The Wound That Shows You Care
Homily prepared for "The Wound That Shows You Care" Spiritual Feast – March 8, 2026
Welcome, friends.
Today is International Women's Day. It is not lost on me that women have always been among the first to say not in my name. Across wars, across policies, across the long history of other people making decisions with devastating consequences, women have shown up and named what was being violated. Gold Star Mothers. The Mothers of the Plaza de Mayo. Reproductive rights activists. Anti-war organizers. Women who looked at what was being done in their name, with their tax dollars, with their silence, and said: no. Not this. Not me.
And today, March 8, 2026: women are striking and marching again, in France, in the USA, acting on the IWD theme "Rights. Justice.Action.".
We are a part of that lineage today.
I want to talk about something that doesn't always get named correctly. We call it a lot of things — burnout, despair, outrage fatigue, anxiety. But I think what many of us are carrying right now is something more specific, and it has a name.
Moral injury.
Moral injury was first named in the context of soldiers: people who were made to do things, or who witnessed things, that violated their deepest moral commitments. But it belongs to a much wider human experience. Moral injury is what happens when the world breaks faith with a value you counted on. When something you believed was a guardrail turns out not to be there. When you are made complicit, through your taxes, your silence, your inability to stop what's happening, in harm you would never choose.
It is not the same as guilt. Guilt says I did something wrong. Moral injury says something wrong was done, and I am somehow inside it, and I cannot get clean.
It is not the same as despair. Despair says nothing matters. Moral injury actually says the opposite. You can only be morally injured by something that violated a value you hold. The fracture is proof that the value is real. The hollow place, the wound, is in the shape of your integrity.
And it is not helplessness, though it can feel that way. Faithfulness is still available to you, even when action feels impossible. Even when you cannot stop what is happening. You can still be in relationship with your own values. You can refuse complicity where you can. You can witness. You can name. You can gather in communities like this one and say together: this is wrong, and we know it is wrong, and that knowing matters.
Not hope. Faithfulness.
I want to be clear about what I mean by that distinction, because I think it's important. Hope says it will get better. Hope requires a belief about the future. And right now, for many of us, that belief is hard to summon, and maybe it should be. Premature hope can be a way of not fully reckoning with what is real.
Faithfulness asks something different.
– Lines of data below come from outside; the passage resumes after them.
lemma ex_teich_expansion_below:
  assumes "prime p"
  shows "\<exists>d. teich_expansion_below p m K d"
proof (induction K)
  case 0
  then show ?case by (simp add: teich_expansion_below_def)
next
  case (Suc K)
  then show ?case using teich_expansion_below_Suc[OF assms] by blast
qed

lemma teich_expansion_below_unique:
  assumes "prime p" "teich_expansion_below p m K d" "teich_expansion_below p m K e" "i < K"
  shows "d i = e i"
  using assms(4)
proof (induction i rule: less_induct)
  case (less i)
  define q where "q = p ^ Suc i"
  have d: "teich_expansion_below p m (Suc i) d" and e: "teich_expansion_below p m (Suc i) e"
    using teich_expansion_below_mono[OF assms(1)] assms(2,3) less.prems by (auto simp: Suc_le_eq)
  have "(\<Sum>j<i. d j ^ q * int p ^ j) = (\<Sum>j<i. e j ^ q * int p ^ j)"
    using less.IH less.prems by (intro sum.cong) auto
  moreover have "[(\<Sum>j<Suc i. d j ^ q * int p ^ j) = (\<Sum>j<Suc i. e j ^ q * int p ^ j)] (mod int p ^ Suc i)"
    using d e unfolding teich_expansion_below_def q_def by (meson cong_sym cong_trans)
  ultimately have "int p ^ i * int p dvd int p ^ i * (d i ^ q - e i ^ q)"
    by (simp add: cong_iff_dvd_diff algebra_simps)
  then have "[d i ^ q = e i ^ q] (mod int p)"
    using assms(1) by (simp add: cong_iff_dvd_diff)
  moreover have "[d i ^ q = d i ^ (p ^ 0)] (mod int p ^ 1)" "[e i ^ q = e i ^ (p ^ 0)] (mod int p ^ 1)"
    unfolding q_def by (rule power_prime_power_cong[OF assms(1)]; simp)+
  ultimately have "[d i = e i] (mod int p)"
    by (simp, meson cong_sym cong_trans)
  moreover have "0 \<le> d i" "d i < int p" "0 \<le> e i" "e i < int p"
    using d e unfolding teich_expansion_below_def by auto
  ultimately show ?case
    by (metis cong_def mod_pos_pos_trivial)
qed

lemma ex1_teich_expansion:
  assumes "prime p"
  shows "\<exists>!d. teich_expansion p m d"
proof
  define D where "D K = (SOME d. teich_expansion_below p m K d)" for K
  have D: "teich_expansion_below p m K (D K)" for K
    unfolding D_def using ex_teich_expansion_below[OF assms] by (rule someI_ex)
  define d where "d i = D (Suc i) i" for i
  have agree: "d i = D K i" if "i < K" for i K
  proof -
    have "teich_expansion_below p m (Suc i) (D K)"
      using teich_expansion_below_mono[OF assms D] that by (simp add: Suc_le_eq)
    then show ?thesis
      unfolding d_def using teich_expansion_below_unique[OF assms D] by blast
  qed
  have d: "teich_expansion_below p m K d" for K
  proof -
    have "(\<Sum>i<K. d i ^ (p ^ K) * int p ^ i) = (\<Sum>i<K. D K i ^ (p ^ K) * int p ^ i)"
      using agree by (intro sum.cong) auto
    then show ?thesis
      using D[of K] agree unfolding teich_expansion_below_def by simp
  qed
  then show "teich_expansion p m d"
    by (simp add: teich_expansion_iff_below)
  fix e assume "teich_expansion p m e"
  then have "e i = d i" for i
    using teich_expansion_below_unique[OF assms _ d, of "Suc i"]
    by (simp add: teich_expansion_iff_below)
  then show "e = d" ..
qed

lemma teich_digits_eqI:
  assumes "prime p" "teich_expansion p m d"
  shows "teich_digits p m = d"
  unfolding teich_digits_altdef using assms ex1_teich_expansion by (blast intro: the1_equality)

lemma teich_expansion_teich_digits:
  assumes "prime p"
  shows "teich_expansion p m (teich_digits p m)"
  unfolding teich_digits_altdef using ex1_teich_expansion[OF assms] by (rule theI')

lemma teich_digits_0_cong:
  assumes "prime p"
  shows "[teich_digits p m 0 = m] (mod int p)"
proof -
  have "[m = (\<Sum>i<1. teich_digits p m i ^ (p ^ 1) * int p ^ i)] (mod int p ^ 1)"
    using teich_expansion_teich_digits[OF assms] unfolding teich_expansion_def by blast
  then have "[m = teich_digits p m 0 ^ p] (mod int p)"
    by simp
  then show ?thesis
    using fermat_little_int[OF assms] by (meson cong_sym cong_trans)
qed

lemma teich_digits_zero:
  assumes "prime p"
  shows "teich_digits p 0 = (\<lambda>_. 0)"
  using assms prime_gt_0_nat[OF assms]
  by (intro teich_digits_eqI) (auto simp: teich_expansion_def power_0_left)

lemma teich_digits_prime_power:
  assumes "prime p"
  shows "teich_digits p (int p ^ j) = (\<lambda>i. if i = j then 1 else 0)"
proof (rule teich_digits_eqI[OF assms])
  have "(\<Sum>i<k. (if i = j then 1 else 0) ^ (p ^ k) * int p ^ i) = (\<Sum>i<k. if i = j then int p ^ j else 0)" for k
    using prime_gt_0_nat[OF assms] by (intro sum.cong) (auto simp: power_0_left)
  then have "[int p ^ j = (\<Sum>i<k. (if i = j then 1 else 0) ^ (p ^ k) * int p ^ i)] (mod int p ^ k)" for k
    by (simp add: cong_0_iff le_imp_power_dvd)
  then show "teich_expansion p (int p ^ j) (\<lambda>i. if i = j then 1 else 0)"
    using prime_gt_1_nat[OF assms] by (simp add: teich_expansion_def)
qed

lemma int_mn_of_nat: "(int_mn p m :: 'F::ring_1 mn) (of_nat j) = of_int (teich_digits p m j)"
  unfolding int_mn_def by simp

lemma int_mn_eq_0_if_not_Nats: "x \<notin> \<nat> \<Longrightarrow> (int_mn p m :: 'F::ring_1 mn) x = 0"
  unfolding int_mn_def by simp

lemma int_mn_at_0:
  assumes "prime p" "CHAR('F::ring_1) = p"
  shows "(int_mn p m :: 'F mn) 0 = of_int m"
proof -
  have "(int_mn p m :: 'F mn) 0 = of_int (teich_digits p m 0)"
    using int_mn_of_nat[of p m 0] by simp
  also have "\<dots> = of_int m"
    using teich_digits_0_cong[OF assms(1)] assms(2) by (simp add: of_int_eq_iff_cong_CHAR)
  finally show ?thesis .
qed

lemma int_mn_zero:
  assumes "prime p"
  shows "int_mn p 0 = (\<lambda>_. 0)"
  unfolding int_mn_def teich_digits_zero[OF assms] by auto

lemma int_mn_prime_power:
  assumes "prime p"
  shows "(int_mn p (int p ^ j) :: 'F::ring_1 mn) = mn_mono 1 (of_nat j)"
  unfolding int_mn_def mn_mono_def teich_digits_prime_power[OF assms]
  by (auto simp: fun_eq_iff elim!: Nats_cases)

lemma int_mn_one:
  assumes "prime p"
  shows "(int_mn p 1 :: 'F::ring_1 mn) = mn_mono 1 0"
  using int_mn_prime_power[OF assms, of 0] by simp

section \<open>The polynomials Phi_{p^n}(T) and Phi_{p^n}(T + 1)\<close>

lemma coeff_cyclo_pp:
  assumes "0 < p"
  shows "coeff (cyclo_pp p n) j = (if \<exists>k<p. j = p ^ (n - 1) * k then 1 else 0)"
proof -
  have inj: "inj (\<lambda>k. p ^ (n - 1) * k)"
    using assms by (simp add: inj_on_def)
  have "coeff (cyclo_pp p n) j = (\<Sum>k<p. if p ^ (n - 1) * k = j then 1 else 0)"
    unfolding cyclo_pp_def by (simp add: coeff_sum coeff_monom)
  also have "\<dots> = card {k. k < p \<and> p ^ (n - 1) * k = j}"
    by (simp add: sum.If_cases Int_def conj_commute)
  also have "\<dots> = (if \<exists>k<p. j = p ^ (n - 1) * k then 1 else 0)"
  proof (cases "\<exists>k<p. j = p ^ (n - 1) * k")
    case True
    then obtain k where "k < p" "j = p ^ (n - 1) * k" by blast
    then have "{k. k < p \<and> p ^ (n - 1) * k = j} = {k}"
      using inj by (auto dest: injD)
    then show ?thesis using True by simp
  qed auto
  finally show ?thesis .
qed

lemma degree_cyclo_pp:
  assumes "0 < p"
  shows "degree (cyclo_pp p n) = p ^ (n - 1) * (p - 1)"
proof (rule antisym)
  show "degree (cyclo_pp p n) \<le> p ^ (n - 1) * (p - 1)"
    by (rule degree_le) (auto simp: coeff_cyclo_pp[OF assms])
  show "p ^ (n - 1) * (p - 1) \<le> degree (cyclo_pp p n)"
    using assms by (intro le_degree) (auto simp: coeff_cyclo_pp[OF assms])
qed

lemma lead_coeff_cyclo_pp: "0 < p \<Longrightarrow> lead_coeff (cyclo_pp p n) = 1"
  by (auto simp: degree_cyclo_pp coeff_cyclo_pp)

lemma coeff_0_cyclo_pp: "0 < p \<Longrightarrow> coeff (cyclo_pp p n) 0 = 1"
  by (auto simp: coeff_cyclo_pp)

lemma coeff_cyclo_pp_01: "0 < p \<Longrightarrow> coeff (cyclo_pp p n) j \<in> {0, 1}"
  by (simp add: coeff_cyclo_pp)

lemma poly_cyclo_pp_1: "poly (cyclo_pp p n) 1 = int p"
  by (simp add: cyclo_pp_def poly_sum poly_monom)

lemma pcompose_monom_1: "pcompose (monom 1 m) q = q ^ m"
  by (induction m) (simp_all add: monom_Suc pcompose_pCons pcompose_1 monom_0)

lemma pcompose_cyclo_pp: "pcompose (cyclo_pp p n) q = (\<Sum>k<p. q ^ (p ^ (n - 1) * k))"
  by (simp add: cyclo_pp_def pcompose_sum pcompose_monom_1)

lemma coeff_one_plus_X_power: "coeff ([:1, 1:] ^ m :: 'a::comm_semiring_1 poly) j = of_nat (m choose j)"
proof (cases "j \<le> m")
  case True
  then show ?thesis by (simp add: coeff_linear_poly_power)
next
  case False
  then have "degree ([:1, 1:] ^ m :: 'a poly) < j"
    using degree_power_le[of "[:1, 1:] :: 'a poly" m] by simp
  then show ?thesis using False by (simp add: coeff_eq_0 binomial_eq_0)
qed

lemma of_int_coeff_pcompose_cyclo_pp:
  "of_int (coeff (pcompose (cyclo_pp p n) [:1, 1:]) j)
    = coeff (\<Sum>k<p. [:1, 1:] ^ (p ^ (n - 1) * k) :: 'a::comm_ring_1 poly) j"
  by (simp add: pcompose_cyclo_pp coeff_sum coeff_one_plus_X_power)

lemma sum_one_plus_X_powers_CHAR:
  assumes "prime p" "CHAR('a::idom) = p"
  shows "(\<Sum>k<p. [:1, 1:] ^ (p ^ j * k) :: 'a poly) = monom 1 (p ^ j * (p - 1))"
proof -
  define Z :: "'a poly" where "Z = monom 1 (p ^ j)"
  have frob: "(x + y) ^ (p ^ i) = x ^ (p ^ i) + y ^ (p ^ i)" for x y :: "'a poly" and i
    using assms by (intro freshmans_dream') simp_all
  have "[:1, 1:] = monom 1 1 + (1 :: 'a poly)"
    by (simp add: monom_Suc one_pCons)
  then have "[:1, 1:] ^ p ^ j = Z + 1"
    using frob[of "monom 1 1" 1 j] by (simp add: Z_def monom_power)
  then have "Z * (\<Sum>k<p. [:1, 1:] ^ (p ^ j * k)) = (Z + 1) ^ p - 1"
    by (simp add: power_mult power_diff_1_eq)
  also have "\<dots> = Z * Z ^ (p - 1)"
    using frob[of Z 1 1] prime_gt_0_nat[OF assms(1)] by (simp flip: power_Suc)
  finally show ?thesis
    by (simp add: Z_def monom_power)
qed

lemma of_int_coeff_pcompose_cyclo_pp_CHAR:
  assumes "prime p" "CHAR('a::idom) = p"
  shows "of_int (coeff (pcompose (cyclo_pp p n) [:1, 1:]) j)
    = (if j = p ^ (n - 1) * (p - 1) then 1 else (0 :: 'a))"
  by (simp add: of_int_coeff_pcompose_cyclo_pp sum_one_plus_X_powers_CHAR[OF assms] coeff_monom)

lemma degree_pcompose_cyclo_pp:
  "0 < p \<Longrightarrow> degree (pcompose (cyclo_pp p n) [:1, 1:]) = p ^ (n - 1) * (p - 1)"
  by (simp add: degree_pcompose degree_cyclo_pp)

lemma lead_coeff_pcompose_cyclo_pp: "0 < p \<Longrightarrow> lead_coeff (pcompose (cyclo_pp p n) [:1, 1:]) = 1"
  by (simp add: lead_coeff_comp lead_coeff_cyclo_pp)

section \<open>Roots of the residue polynomial\<close>

lemma power_eq_neg_one_if_square_eq_one:
  fixes \<zeta> :: "'a::field"
  assumes "\<zeta> ^ (2 * m) = 1" "\<zeta> ^ m \<noteq> 1"
  shows "\<zeta> ^ m = -1"
  using assms by (simp add: power_mult power2_eq_1_iff mult.commute)

lemma order_power:
  fixes g :: "'a::idom poly"
  assumes "g \<noteq> 0"
  shows "order a (g ^ k) = k * order a g"
  using assms by (induction k) (simp_all add: order_mult)

lemma order_eq_1_if_pderiv_nonzero:
  fixes g :: "'a::idom poly"
  assumes "g \<noteq> 0" "poly g a = 0" "poly (pderiv g) a \<noteq> 0"
  shows "order a g = 1"
proof -
  have "\<not> [:-a, 1:] ^ Suc 1 dvd g"
  proof
    assume "[:-a, 1:] ^ Suc 1 dvd g"
    then obtain h where "g = [:-a, 1:] ^ Suc 1 * h" ..
    then have "pderiv g = [:-a, 1:] ^ Suc 1 * pderiv h + smult (of_nat (Suc 1)) (h * [:-a, 1:] ^ 1)"
      by (simp only: lemma_order_pderiv1)
    then show False
      using assms(3) by simp
  qed
  then have "order a g < 2"
    using order_1[of a g] by (metis Suc_1 not_less power_le_dvd)
  moreover have "order a g \<noteq> 0"
    using assms(1,2) order_root by blast
  ultimately show ?thesis by simp
qed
Faithfulness says: I am committed to these values regardless of outcome. I will stay in relationship with what I love and what I believe even when the world violates it. I will not let the violation teach me that nothing is worth protecting.
You can be faithful without being hopeful. You can grieve fully and still show up. You can be broken by breaking things and still, deep in your bones, know that your love matters, what you hold as sacred matters.
Not in my name is an act of faithfulness. It doesn't fix anything. It names what you hold.
I was talking with my husband recently, turning over all of this, the weight of it, the question of what we're even supposed to do. And I said, maybe the question is: what would Mr. Rogers do?
He thought about it for a moment. And then he said: Maybe we are Mr. Rogers.
I've been sitting with that ever since. Because he's right, isn't he? Fred Rogers was a person who looked at a frightened, fractured world and decided his job was to be a safe place in it. To say, over and over: you are worthy of love. You don't have to be anything other than what you are. There are helpers. There is goodness. I'll be here.
He couldn't fix the world either. But he was faithful to what he believed about human dignity, every single day. And dang, but his act of loving his corner of the world faithfully made a difference... a difference that resonates through the years.
The baton has been passed. Not just to us as individuals, but to all of us who believe that every person is worthy of care. Who believe that parents should be able to send their children to school without fear, no matter where in the world they are. That no one should be disappeared. That families should not be separated. That killing should not be done in our name.
We can carry it with honor.
Not because we know how it ends. But because we know what we love. Because the wound we're carrying today is the proof of it.
May you let your fracture be witnessed today. May you find in your injury the shape of your integrity. May you be faithful, not hopeful, but faithful to the work that must be done, to what you love, to all you hold holy. And may you know you do not carry it alone.